Vice President and General Manager of Honeywell Performance Materials and Technologies Asia Pacific Henry Liu said China has become the company's biggest growth market and one of its major research and development centers and manufacturing bases globally.
"Honeywell is fully confident about our sustained growth prospect in China, thanks to the country's sound industrial system, super-large market, improving business environment and solid fundamentals," Liu said.
De Felip also recognized that China has become and will remain one of the most important strategic markets for Ferrero.
In the past decade, China's contribution to world economic growth has exceeded 30 percent on average, and this year, the figure will surpass that of 2022, according to Han Wenxiu, executive deputy director of the office of the Central Committee for Financial and Economic Affairs.
Against the global backdrop of still-high inflation, weakened demand, financial turmoil and other challenges, multinationals doubled down on expanding footprints in China, casting votes of confidence in the bullish growth of the Chinese market.
In 2022, Honeywell announced its cooperation with Zhejiang Jiaao Enprotech Stock Co Ltd to build a sustainable aviation fuel production facility in the city of Lianyungang in the eastern Jiangsu province.
The new facility, which is expected to be completed in 2024, produces sustainable aviation fuel with used cooking oils and animal fats as feedstocks. It will support China's goal to achieve carbon neutrality by 2060, the company said.
In talking about this cooperation project, Liu indicated that Honeywell is setting its sights on China's growth prospects in digital technology and low-carbon development, which he presumed would bring vast opportunities for the company.

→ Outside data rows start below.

text \<open>A coloured permutation avoids every pattern whose first entry has a colour in \<open>I\<close>
  exactly when none of its first \<open>n + 1 - k\<close> entries has a colour in \<open>I\<close>: an occurrence
  of a pattern of length \<open>k\<close> must start at one of these positions, and conversely the
  standardization of the window of length \<open>k\<close> starting at such a position is a forbidden
  pattern occurring in it. Counting is then a product: \<open>n!\<close> underlying permutations,
  \<open>r - d\<close> colours at each of the first \<open>n + 1 - k\<close> positions and \<open>r\<close> colours at the
  remaining \<open>k - 1\<close>.\<close>

definition rank_in :: "nat set \<Rightarrow> nat \<Rightarrow> nat" where
  "rank_in W x = Suc (card {z \<in> W. z < x})"

lemma rank_in_strict_mono:
  assumes "finite W" "x \<in> W" "y \<in> W" "x < y"
  shows "rank_in W x < rank_in W y"
proof -
  have "{z \<in> W. z < x} \<subset> {z \<in> W. z < y}" using assms by auto
  then show ?thesis unfolding rank_in_def using assms(1) by (simp add: psubset_card_mono)
qed

lemma rank_in_less_iff:
  assumes "finite W" "x \<in> W" "y \<in> W"
  shows "rank_in W x < rank_in W y \<longleftrightarrow> x < y"
  using assms rank_in_strict_mono by (metis linorder_neq_iff order_less_asym)

lemma inj_on_rank_in: "finite W \<Longrightarrow> inj_on (rank_in W) W"
  by (metis inj_onI linorder_neq_iff order_less_irrefl rank_in_strict_mono)
text \<open>
  Everything rests on explicit algebra with square roots.
  (1) Writing K2 w = sqrt (4 + 1/(w^2 (1+w^2))) for w > 0 shows K2 w > 2, and a direct
      computation with G gives T2 (K2 w) = w and, conversely, K2 (T2 z) = z for z > 2;
      in particular T2 is injective on (2, \<infinity>).
  (2) The coefficients r k are identified three ways: in Pochhammer form, as
      binom(-1/2, k+1) + 2 binom(-1/2, k), and via central binomial coefficients
      (using the library identity fact_double).
  (3) Since K2 w - 1/w = ((1+w^2)^(-1/2) - 1)/w + 2 w (1+w^2)^(-1/2), the generalised
      binomial series for (1+x)^(-1/2) at x = w^2 yields the expansion of K2 w - 1/w.
  (4) For the free cumulants: any two power series inverting an injective transform on
      a right neighbourhood of 0 coincide (an identity theorem for power series on
      (0, \<delta>)), so the series from (3), padded with zeros in the odd places, is the
      unique free cumulant sequence of \<nu>2.
\<close>

lemma sq_minus_4_pos:
  fixes z :: real assumes "z > 2"
  shows "z\<^sup>2 - 4 > 0"
proof -
  have "2 * 2 < z * z"
    using assms by (intro mult_strict_mono) auto
  then show ?thesis by (simp add: power2_eq_square)
qed

text \<open>The identity (2w^2+1)^2 = 4 w^2 (1+w^2) + 1 puts K2 in a form that
  makes K2 w > 2 and the inversion of T2 transparent.\<close>
lemma K2_sqrt_form:
  fixes w :: real assumes "w > 0"
  shows "K2 w = sqrt (4 + 1 / (w\<^sup>2 * (1 + w\<^sup>2)))"
proof -
  have d: "w\<^sup>2 * (1 + w\<^sup>2) > 0" using assms by (simp add: add_pos_pos)
  have "(K2 w)\<^sup>2 = (2 * w\<^sup>2 + 1)\<^sup>2 / (w\<^sup>2 * (1 + w\<^sup>2))"
    unfolding K2_def by (simp add: power_divide power_mult_distrib add_nonneg_nonneg)
  also have "(2 * w\<^sup>2 + 1)\<^sup>2 = 4 * (w\<^sup>2 * (1 + w\<^sup>2)) + 1"
    by (simp add: algebra_simps power2_eq_square)
  also have "(4 * (w\<^sup>2 * (1 + w\<^sup>2)) + 1) / (w\<^sup>2 * (1 + w\<^sup>2)) = 4 + 1 / (w\<^sup>2 * (1 + w\<^sup>2))"
    using d by (simp add: field_simps)
  finally have "(K2 w)\<^sup>2 = 4 + 1 / (w\<^sup>2 * (1 + w\<^sup>2))" .
  moreover have "K2 w > 0" using assms unfolding K2_def by (simp add: add_pos_pos)
  ultimately show ?thesis by (simp add: real_sqrt_unique)
qed

lemma K2_gt_2:
  fixes w :: real assumes "w > 0"
  shows "K2 w > 2"
proof -
  have "(2::real) = sqrt 4" by simp
  also have "\<dots> < sqrt (4 + 1 / (w\<^sup>2 * (1 + w\<^sup>2)))"
    using assms by (intro real_sqrt_less_mono) (simp add: add_pos_pos)
  finally show ?thesis using K2_sqrt_form[OF assms] by simp
qed

lemma T2_sqrt_form:
  fixes z :: real assumes "z > 2"
  shows "T2 z = sqrt (G z / sqrt (z\<^sup>2 - 4))"
proof -
  have p: "z\<^sup>2 - 4 \<ge> 0" using sq_minus_4_pos[OF assms] by simp
  have "(z\<^sup>2 - 4) powr (-1/4) = inverse (((z\<^sup>2 - 4) powr (1/2)) powr (1/2))"
    using p by (simp add: powr_powr powr_minus)
  also have "\<dots> = inverse (sqrt (sqrt (z\<^sup>2 - 4)))"
    by (simp only: powr_half_sqrt[OF p] powr_half_sqrt[OF real_sqrt_ge_zero[OF p]])
  finally have "(z\<^sup>2 - 4) powr (-1/4) = inverse (sqrt (sqrt (z\<^sup>2 - 4)))" .
  moreover have "sqrt (G z / sqrt (z\<^sup>2 - 4)) = sqrt (G z) * inverse (sqrt (sqrt (z\<^sup>2 - 4)))"
    by (subst real_sqrt_divide) (rule divide_inverse)
  ultimately show ?thesis unfolding T2_def by simp
qed

text \<open>For z = K2 w one has sqrt (z^2-4) = 1/(w sqrt (1+w^2)) and G z = w / sqrt (1+w^2).\<close>
lemma T2_K2:
  fixes w :: real assumes w: "w > 0"
  shows "T2 (K2 w) = w"
proof -
  define s where "s = sqrt (1 + w\<^sup>2)"
  have s: "s > 0" unfolding s_def by (simp add: add_pos_nonneg)
  have "(K2 w)\<^sup>2 - 4 = (1 / (w * s))\<^sup>2"
    unfolding K2_sqrt_form[OF w] s_def
    using w by (simp add: power_divide power_mult_distrib add_pos_nonneg)
  then have root: "sqrt ((K2 w)\<^sup>2 - 4) = 1 / (w * s)"
    using w s by simp
  have "G (K2 w) = w / s"
    unfolding G_def root unfolding K2_def s_def[symmetric] using w s
    by (simp add: field_simps) (simp add: s_def power2_eq_square algebra_simps)
  then have "G (K2 w) / sqrt ((K2 w)\<^sup>2 - 4) = w\<^sup>2"
    unfolding root using w s by (simp add: field_simps power2_eq_square)
  then show ?thesis
    using T2_sqrt_form[OF K2_gt_2[OF w]] w by simp
qed

text \<open>Conversely, t = T2 z satisfies t^2 (1+t^2) = 1/(z^2-4), hence K2 t = z.\<close>
lemma K2_T2:
  fixes z :: real assumes z: "z > 2"
  shows "K2 (T2 z) = z"
proof -
  define s where "s = sqrt (z\<^sup>2 - 4)"
  have ss: "s\<^sup>2 = z\<^sup>2 - 4" and s0: "s > 0"
    using sq_minus_4_pos[OF z] unfolding s_def by simp_all
  have "s\<^sup>2 < z\<^sup>2" using ss by linarith
  then have "s < z" by (rule power2_less_imp_less) (use z in simp)
  then have Gs: "G z / s > 0"
    using s0 unfolding G_def s_def[symmetric] by simp
  define t where "t = T2 z"
  have t0: "t > 0" and t2: "t\<^sup>2 = (z - s) / (2 * s)"
    using Gs T2_sqrt_form[OF z] unfolding t_def s_def[symmetric] G_def by simp_all
  have "t\<^sup>2 * (1 + t\<^sup>2) = (z - s) * (z + s) / (4 * s\<^sup>2)"
    unfolding t2 using s0 by (simp add: field_simps power2_eq_square)
  also have "(z - s) * (z + s) = 4"
    using ss by (simp add: algebra_simps power2_eq_square)
  finally have "1 / (t\<^sup>2 * (1 + t\<^sup>2)) = s\<^sup>2"
    using s0 by simp
  then show ?thesis
    using K2_sqrt_form[OF t0] ss z unfolding t_def by simp
qed
(* Let $R$ be a Noetherian domain of prime characteristic $p>0$, and let $S\supseteq R$ be a domain that is finitely generated as an $R$-module. If tight closure commutes with localization in $S$, then tight closure commutes with localization in $R$.
   Context: All rings are commutative and Noetherian of prime characteristic $p>0$. For an ideal $I$ of a ring $A$ and $q=p^e$, $I^{[q]}$ denotes the ideal generated by $\{x^q : x\in I\}$. The tight closure $I^*$ of $I$ is the set of $z\in A$ for which there exists $c\in A$, not in any minimal prime of $A$, with $c z^q\in I^{[q]}$ for all $q=p^e \gg 0$. We say tight closure commutes with localization in $A$ if for every ideal $I$ of $A$ and every multiplicative system $U\subseteq A$, one has $I^*A[U^{-1}] = (IA[U^{-1}])^*$, where the right side is the tight closure in the ring $A[U^{-1}]$. *)

theory Defs
  imports "HOL-Computational_Algebra.Primes"
begin

text \<open>Rings are modelled as subrings of an ambient field 'k. Every domain embeds in
its fraction field, and a localization A[U^-1] of a domain A (with 0 not in U) is
the subring of the field consisting of fractions a/u.\<close>

definition subring :: "'k::field set \<Rightarrow> bool" where
  "subring A \<longleftrightarrow> 0 \<in> A \<and> 1 \<in> A \<and> (\<forall>x\<in>A. \<forall>y\<in>A. x + y \<in> A \<and> x - y \<in> A \<and> x * y \<in> A)"

definition ideal_of :: "'k::field set \<Rightarrow> 'k set \<Rightarrow> bool" where
  "ideal_of A I \<longleftrightarrow> I \<subseteq> A \<and> 0 \<in> I \<and> (\<forall>x\<in>I. \<forall>y\<in>I. x + y \<in> I) \<and>
     (\<forall>a\<in>A. \<forall>x\<in>I. a * x \<in> I)"

definition gen_ideal :: "'k::field set \<Rightarrow> 'k set \<Rightarrow> 'k set" where
  "gen_ideal A X = \<Inter>{I. ideal_of A I \<and> X \<subseteq> I}"

definition noetherian :: "'k::field set \<Rightarrow> bool" where
  "noetherian A \<longleftrightarrow> (\<forall>I. ideal_of A I \<longrightarrow> (\<exists>F. finite F \<and> F \<subseteq> I \<and> I = gen_ideal A F))"

definition prime_ideal :: "'k::field set \<Rightarrow> 'k set \<Rightarrow> bool" where
  "prime_ideal A P \<longleftrightarrow> ideal_of A P \<and> P \<noteq> A \<and>
     (\<forall>a\<in>A. \<forall>b\<in>A. a * b \<in> P \<longrightarrow> a \<in> P \<or> b \<in> P)"

definition minimal_prime :: "'k::field set \<Rightarrow> 'k set \<Rightarrow> bool" where
  "minimal_prime A P \<longleftrightarrow> prime_ideal A P \<and> (\<forall>Q. prime_ideal A Q \<and> Q \<subseteq> P \<longrightarrow> Q = P)"

definition frob_power :: "'k::field set \<Rightarrow> nat \<Rightarrow> 'k set \<Rightarrow> 'k set" where
  "frob_power A q I = gen_ideal A ((\<lambda>x. x ^ q) ` I)"

definition tight_closure :: "'k::field set \<Rightarrow> nat \<Rightarrow> 'k set \<Rightarrow> 'k set" where
  "tight_closure A p I = {z \<in> A. \<exists>c\<in>A. (\<forall>P. minimal_prime A P \<longrightarrow> c \<notin> P) \<and>
      (\<exists>e0. \<forall>e\<ge>e0. c * z ^ (p ^ e) \<in> frob_power A (p ^ e) I)}"

definition mult_system :: "'k::field set \<Rightarrow> 'k set \<Rightarrow> bool" where
  "mult_system A U \<longleftrightarrow> U \<subseteq> A \<and> 1 \<in> U \<and> (\<forall>u\<in>U. \<forall>v\<in>U. u * v \<in> U)"

definition localize :: "'k::field set \<Rightarrow> 'k set \<Rightarrow> 'k set" where
  "localize A U = {a / u | a u. a \<in> A \<and> u \<in> U}"
(* For integers $r\ge 2$ and $n\ge r+1$, $$\mathrm{ex}_r(n,\Delta_{r+1}^r)\le \frac{(r-1)(n-r+1)+1}{r(n-r)}\binom{n}{r}.$$
   Context: An $r$-uniform hypergraph ($r$-graph) is a pair $(V,E)$ with $E$ a family of $r$-element subsets of $V$. $\Delta_{r+1}^r$ denotes the complete $r$-graph on $r+1$ vertices (all $r$-subsets of an $(r+1)$-set as edges). $\mathrm{ex}_r(n,\Delta_{r+1}^r)$ is the maximum number of edges in an $r$-graph on $n$ vertices containing no sub-hypergraph isomorphic to $\Delta_{r+1}^r$. *)

theory Defs
  imports Complex_Main
begin

definition r_graph :: "nat \<Rightarrow> 'a set \<Rightarrow> 'a set set \<Rightarrow> bool" where
  "r_graph r V E \<longleftrightarrow> (\<forall>e\<in>E. e \<subseteq> V \<and> card e = r \<and> finite e)"

definition contains_clique :: "nat \<Rightarrow> 'a set \<Rightarrow> 'a set set \<Rightarrow> bool" where
  "contains_clique r V E \<longleftrightarrow>
     (\<exists>S. S \<subseteq> V \<and> finite S \<and> card S = r + 1 \<and> {e. e \<subseteq> S \<and> card e = r} \<subseteq> E)"

definition ex_clique :: "nat \<Rightarrow> nat \<Rightarrow> nat" where
  "ex_clique r n = Max {card E | E. r_graph r {0..<n} E \<and> \<not> contains_clique r {0..<n} E}"

end

theory Submission
  imports Defs "HOL-Analysis.Convex"
begin

text \<open>For an (r-1)-set T let d(T) be the number of edges containing T. Double counting gives
  \<open>\<Sum>\<^sub>T d(T) = r |E|\<close> and \<open>\<Sum>\<^sub>T d(T)\<^sup>2 = \<Sum>\<^sub>e \<Sum>\<^sub>T d(T)\<close>, the inner sum running over the
  (r-1)-subsets T of the edge e. If v is a vertex outside e, at most r-1 of the r sets
  \<open>insert v T\<close> are edges, for otherwise \<open>insert v e\<close> spans a clique; hence the inner sum is at most
  \<open>r + (n-r)(r-1)\<close>. Cauchy-Schwarz now yields \<open>(r |E|)\<^sup>2 \<le> C(n,r-1) |E| (r + (n-r)(r-1))\<close>, and
  \<open>(n-r+1) C(n,r-1) = r C(n,r)\<close> turns this into the bound, even with n-r+1 in place of n-r in
  the denominator.\<close>

definition codegree :: "'a set set \<Rightarrow> 'a set \<Rightarrow> nat" where
  "codegree E T = card {f \<in> E. T \<subseteq> f}"

lemma card_subsets_card_minus_one:
  assumes "finite e" "e \<noteq> {}"
  shows "card {T. T \<subseteq> e \<and> card T = card e - 1} = card e"
  using n_subsets[OF assms(1)] assms by (cases "card e") auto

lemma r_graph_finite_edges:
  assumes "r_graph r V E" "finite V"
  shows "finite E"
  using assms unfolding r_graph_def by (meson Pow_iff finite_Pow_iff finite_subset subsetI)

lemma sum_codegree_mult_eq:
  fixes g :: "'a set \<Rightarrow> 'b::comm_semiring_1"
  assumes "finite V" "finite E" "\<forall>e\<in>E. e \<subseteq> V"
  shows "(\<Sum>T\<in>{T. T \<subseteq> V \<and> card T = k}. of_nat (codegree E T) * g T)
       = (\<Sum>e\<in>E. \<Sum>T\<in>{T. T \<subseteq> e \<and> card T = k}. g T)"
proof -
  let ?Ts = "{T. T \<subseteq> V \<and> card T = k}"
  have "(\<Sum>T\<in>?Ts. of_nat (codegree E T) * g T) = (\<Sum>T\<in>?Ts. \<Sum>e\<in>E. if T \<subseteq> e then g T else 0)"
    using assms(2) by (intro sum.cong) (auto simp: codegree_def sum.If_cases Int_def)
  also have "\<dots> = (\<Sum>e\<in>E. \<Sum>T\<in>?Ts. if T \<subseteq> e then g T else 0)"
    by (rule sum.swap)
  also have "\<dots> = (\<Sum>e\<in>E. \<Sum>T\<in>{T. T \<subseteq> e \<and> card T = k}. g T)"
  proof (rule sum.cong[OF refl])
    fix e assume "e \<in> E"
    then have "{T \<in> ?Ts. T \<subseteq> e} = {T. T \<subseteq> e \<and> card T = k}" using assms(3) by auto
    then show "(\<Sum>T\<in>?Ts. if T \<subseteq> e then g T else 0) = (\<Sum>T\<in>{T. T \<subseteq> e \<and> card T = k}. g T)"
      using assms(1) by (simp add: sum.If_cases Int_def)
  qed
  finally show ?thesis .
qed

lemma sum_codegree_eq:
  assumes "r_graph r V E" "finite V"
  shows "(\<Sum>T\<in>{T. T \<subseteq> V \<and> card T = k}. codegree E T) = (r choose k) * card E"
proof -
  have "(\<Sum>T\<in>{T. T \<subseteq> V \<and> card T = k}. codegree E T)
      = (\<Sum>e\<in>E. card {T. T \<subseteq> e \<and> card T = k})"
    using sum_codegree_mult_eq[of V E "\<lambda>_. 1::nat" k] assms r_graph_finite_edges[OF assms]
    unfolding r_graph_def by simp
  also have "\<dots> = (\<Sum>e\<in>E. r choose k)"
    using assms(1) by (intro sum.cong) (auto simp: r_graph_def n_subsets)
  finally show ?thesis by simp
qed

lemma sum_codegree_squared_eq:
  assumes "r_graph r V E" "finite V"
  shows "(\<Sum>T\<in>{T. T \<subseteq> V \<and> card T = k}. (codegree E T)\<^sup>2)
       = (\<Sum>e\<in>E. \<Sum>T\<in>{T. T \<subseteq> e \<and> card T = k}. codegree E T)"
  using sum_codegree_mult_eq[of V E "codegree E" k] assms r_graph_finite_edges[OF assms]
  unfolding r_graph_def by (simp add: power2_eq_square)

lemma contains_clique_if_full_link:
  assumes G: "r_graph r V E" and r: "r \<ge> 1" and e: "e \<in> E" and v: "v \<in> V - e"
    and full: "\<And>T. T \<subseteq> e \<Longrightarrow> card T = r - 1 \<Longrightarrow> insert v T \<in> E"
  shows "contains_clique r V E"
proof -
  have fe: "finite e" "card e = r" "e \<subseteq> V" using G e unfolding r_graph_def by auto
  let ?S = "insert v e"
  have S: "?S \<subseteq> V" "finite ?S" "card ?S = r + 1" using fe v by auto
  have "f \<in> E" if f: "f \<subseteq> ?S" "card f = r" for f
  proof (cases "v \<in> f")
    case True
    have "finite f" using f S finite_subset by blast
    then have "insert v (f - {v}) \<in> E" using True f by (intro full) auto
    then show ?thesis using True by (simp add: insert_absorb)
  next
    case False
    then have "f = e" using f fe card_subset_eq[OF fe(1)] by auto
    then show ?thesis using e by simp
  qed
  then show ?thesis unfolding contains_clique_def using S by blast
qed

lemma card_link_le:
  assumes G: "r_graph r V E" and nc: "\<not> contains_clique r V E" and r: "r \<ge> 1"
    and e: "e \<in> E" and v: "v \<in> V - e"
  shows "card {T. T \<subseteq> e \<and> card T = r - 1 \<and> insert v T \<in> E} \<le> r - 1"
proof -
  let ?Te = "{T. T \<subseteq> e \<and> card T = r - 1}"
  have fe: "finite e" "card e = r" using G e unfolding r_graph_def by auto
  obtain T where "T \<in> ?Te" "insert v T \<notin> E"
    using contains_clique_if_full_link[OF G r e v] nc by blast
  then have "{T \<in> ?Te. insert v T \<in> E} \<subset> ?Te" by blast
  then have "card {T \<in> ?Te. insert v T \<in> E} < card ?Te"
    using fe by (intro psubset_card_mono) auto
  also have "card ?Te = r"
    using card_subsets_card_minus_one[OF fe(1)] fe r by fastforce
  finally show ?thesis by (simp add: conj_assoc)
qed

lemma codegree_subset_edge:
  assumes G: "r_graph r V E" and r: "r \<ge> 1" and e: "e \<in> E" and fV: "finite V"
    and T: "T \<subseteq> e" "card T = r - 1"
  shows "codegree E T = 1 + card {v \<in> V - e. insert v T \<in> E}"
proof -
  have fe: "finite e" "card e = r" using G e unfolding r_graph_def by auto
  let ?B = "{v \<in> V - e. insert v T \<in> E}"
  have "f \<in> (\<lambda>v. insert v T) ` ?B" if f: "f \<in> E" "T \<subseteq> f" "f \<noteq> e" for f
  proof -
    have ff: "finite f" "card f = r" "f \<subseteq> V" using G f unfolding r_graph_def by auto
    have "card (f - T) = 1"
      using card_Diff_subset[OF finite_subset[OF T(1) fe(1)] f(2)] ff T r by simp
    then obtain v where fv: "f - T = {v}" using card_1_singletonE by blast
    then have f_eq: "f = insert v T" using f(2) by auto
    have "v \<notin> e"
    proof
      assume "v \<in> e"
      then have "f \<subseteq> e" using f_eq T by auto
      then show False using f(3) card_subset_eq[OF fe(1)] ff fe by auto
    qed
    then show ?thesis using f_eq f ff by auto
  qed
  then have edges: "{f \<in> E. T \<subseteq> f} = insert e ((\<lambda>v. insert v T) ` ?B)"
    using e T by auto
  have "inj_on (\<lambda>v. insert v T) ?B"
    using T by (intro inj_onI) blast
  then show ?thesis
    unfolding codegree_def edges using fV T by (subst card_insert_disjoint) (auto simp: card_image)
qed

lemma sum_codegree_edge_le:
  assumes G: "r_graph r V E" and nc: "\<not> contains_clique r V E" and r: "r \<ge> 1"
    and e: "e \<in> E" and fV: "finite V"
  shows "(\<Sum>T\<in>{T. T \<subseteq> e \<and> card T = r - 1}. codegree E T) \<le> r + (card V - r) * (r - 1)"
proof -
  let ?Te = "{T. T \<subseteq> e \<and> card T = r - 1}"
  have fe: "finite e" "card e = r" "e \<subseteq> V" using G e unfolding r_graph_def by auto
  have card_Te: "card ?Te = r"
    using card_subsets_card_minus_one[OF fe(1)] fe r by fastforce
  have "(\<Sum>T\<in>?Te. codegree E T) = (\<Sum>T\<in>?Te. 1 + card {v \<in> V - e. insert v T \<in> E})"
    using codegree_subset_edge[OF G r e fV] by (intro sum.cong) auto
  also have "\<dots> = r + (\<Sum>T\<in>?Te. card {v \<in> V - e. insert v T \<in> E})"
    unfolding sum.distrib using card_Te by simp
  also have "(\<Sum>T\<in>?Te. card {v \<in> V - e. insert v T \<in> E})
      = (\<Sum>T\<in>?Te. \<Sum>v\<in>V - e. if insert v T \<in> E then 1 else 0)"
    using fV by (intro sum.cong refl) (simp add: sum.If_cases Int_def)
  also have "\<dots> = (\<Sum>v\<in>V - e. card {T. T \<subseteq> e \<and> card T = r - 1 \<and> insert v T \<in> E})"
    using fe(1) by (subst sum.swap) (auto simp: sum.If_cases Int_def conj_assoc intro!: sum.cong)
  also have "\<dots> \<le> (\<Sum>v\<in>V - e. r - 1)"
    by (intro sum_mono card_link_le[OF G nc r e])
  also have "\<dots> = (card V - r) * (r - 1)"
    using fe fV by (simp add: card_Diff_subset)
  finally show ?thesis by simp
qed

lemma clique_free_codegree_bound:
  assumes G: "r_graph r V E" and nc: "\<not> contains_clique r V E" and r: "r \<ge> 1" and fV: "finite V"
  shows "r\<^sup>2 * card E \<le> (card V choose (r - 1)) * (r + (card V - r) * (r - 1))"
proof -
  let ?Ts = "{T. T \<subseteq> V \<and> card T = r - 1}"
  define B where "B = r + (card V - r) * (r - 1)"
  have sum_eq: "(\<Sum>T\<in>?Ts. codegree E T) = r * card E"
    using sum_codegree_eq[OF G fV, of "r - 1"] r by (cases r) auto
  have "(\<Sum>T\<in>?Ts. (codegree E T)\<^sup>2) \<le> (\<Sum>e\<in>E. B)"
    unfolding sum_codegree_squared_eq[OF G fV] B_def
    by (intro sum_mono sum_codegree_edge_le[OF G nc r _ fV])
  then have "(\<Sum>T\<in>?Ts. (codegree E T)\<^sup>2) \<le> card E * B"
    by simp
  then have "real (\<Sum>T\<in>?Ts. (codegree E T)\<^sup>2) \<le> real (card E * B)"
    by (rule of_nat_mono)
  then have sq_le: "(\<Sum>T\<in>?Ts. (real (codegree E T))\<^sup>2) \<le> real (card E * B)"
    by simp
  have "real ((r * card E)\<^sup>2) = (\<Sum>T\<in>?Ts. real (codegree E T))\<^sup>2"
    by (simp flip: sum_eq)
  also have "\<dots> \<le> (\<Sum>T\<in>?Ts. (real (codegree E T))\<^sup>2) * card ?Ts"
    by (rule sum_squared_le_sum_of_squares)
  also have "\<dots> \<le> real (card E * B) * (card V choose (r - 1))"
    using sq_le fV by (intro mult_mono) (auto simp: n_subsets)
  finally have "real ((r * card E)\<^sup>2) \<le> real (card E * B * (card V choose (r - 1)))"
    by simp
  then have "card E * (r\<^sup>2 * card E) \<le> card E * ((card V choose (r - 1)) * B)"
    unfolding of_nat_le_iff by (simp add: power2_eq_square ac_simps)
  then show ?thesis unfolding B_def by (cases "card E = 0") auto
qed

lemma clique_free_card_le:
  assumes G: "r_graph r V E" and nc: "\<not> contains_clique r V E" and r: "r \<ge> 1" and fV: "finite V"
  shows "r * (card V + 1 - r) * card E \<le> (r + (card V - r) * (r - 1)) * (card V choose r)"
proof -
  define n B where "n = card V" and "B = r + (card V - r) * (r - 1)"
  have absorb: "(n - (r - 1)) * (n choose (r - 1)) = r * (n choose r)"
    using binomial_absorb_comp[of n "r - 1"] binomial_absorption[of "r - 1" n] r by simp
  have "r * (r * (n + 1 - r) * card E) = r\<^sup>2 * card E * (n - (r - 1))"
    using r by (simp add: power2_eq_square Suc_diff_le ac_simps)
  also have "\<dots> \<le> (n choose (r - 1)) * B * (n - (r - 1))"
    using clique_free_codegree_bound[OF G nc r fV] unfolding n_def B_def by (rule mult_right_mono) simp
  also have "\<dots> = r * (B * (n choose r))"
    using absorb by (simp add: ac_simps)
  finally show ?thesis
    using r unfolding n_def B_def by simp
qed

lemma ex_clique_attained:
  obtains E where "r_graph r {0..<n} E" "\<not> contains_clique r {0..<n} E" "ex_clique r n = card E"
proof -
  let ?V = "{0..<n}"
  let ?M = "{card E | E. r_graph r ?V E \<and> \<not> contains_clique r ?V E}"
  have "?M \<subseteq> card ` Pow (Pow ?V)"
    unfolding r_graph_def by auto
  then have "finite ?M"
    by (rule finite_subset) auto
  have "\<not> contains_clique r ?V {}"
  proof
    assume "contains_clique r ?V {}"
    then obtain S :: "nat set" where "card S = r + 1" "{e. e \<subseteq> S \<and> card e = r} \<subseteq> {}"
      unfolding contains_clique_def by blast
    moreover obtain e where "e \<subseteq> S" "card e = r"
      using obtain_subset_with_card_n[of r S] \<open>card S = r + 1\<close> by auto
    ultimately show False by blast
  qed
  then have "?M \<noteq> {}"
    unfolding r_graph_def by blast
  then show ?thesis
    using that Max_in[OF \<open>finite ?M\<close>] unfolding ex_clique_def by auto
qed

theorem mainTheorem7:
  fixes r n :: nat
  assumes "r \<ge> 2" and "n \<ge> r + 1"
  shows "real (ex_clique r n)
           \<le> ((real r - 1) * (real n - real r + 1) + 1) / (real r * (real n - real r))
              * real (n choose r)"
proof -
  obtain E where G: "r_graph r {0..<n} E" and nc: "\<not> contains_clique r {0..<n} E"
    and ex: "ex_clique r n = card E"
    by (rule ex_clique_attained)
  have "r * (n + 1 - r) * card E \<le> (r + (n - r) * (r - 1)) * (n choose r)"
    using clique_free_card_le[OF G nc] assms by simp
  then have "real (r * (n + 1 - r) * card E) \<le> real ((r + (n - r) * (r - 1)) * (n choose r))"
    by (rule of_nat_mono)
  moreover have "real (n + 1 - r) = real n - real r + 1" "real (n - r) = real n - real r"
    "real (r - 1) = real r - 1"
    using assms by (simp_all add: of_nat_diff)
  moreover have "real r + (real n - real r) * (real r - 1) = (real r - 1) * (real n - real r + 1) + 1"
    by (simp add: algebra_simps)
  ultimately have bound: "real r * (real n - real r + 1) * real (card E)
      \<le> ((real r - 1) * (real n - real r + 1) + 1) * real (n choose r)"
    by (simp only: of_nat_mult of_nat_add)
  have "real r * (real n - real r) * real (card E) \<le> real r * (real n - real r + 1) * real (card E)"
    by (simp add: algebra_simps)
  also note bound
  finally show ?thesis
    using assms ex by (simp add: pos_le_divide_eq mult.commute)
qed

end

Global chocolate and confectionery giant Ferrero, on the other hand, wishes to tap into the boon of China's consumption uptick.
Data shows that China's consumption emerged as a bright spot of its economic operation in the first two months of 2023, rising 3.5 percent and reversing declines seen in the last three months of 2022, according to the National Bureau of Statistics.
"We are now ready to take this opportunity stemming from the rebound of the Chinese market," De Felip said. He added that Ferrero China has the ambition to double turnover within the next three to five years.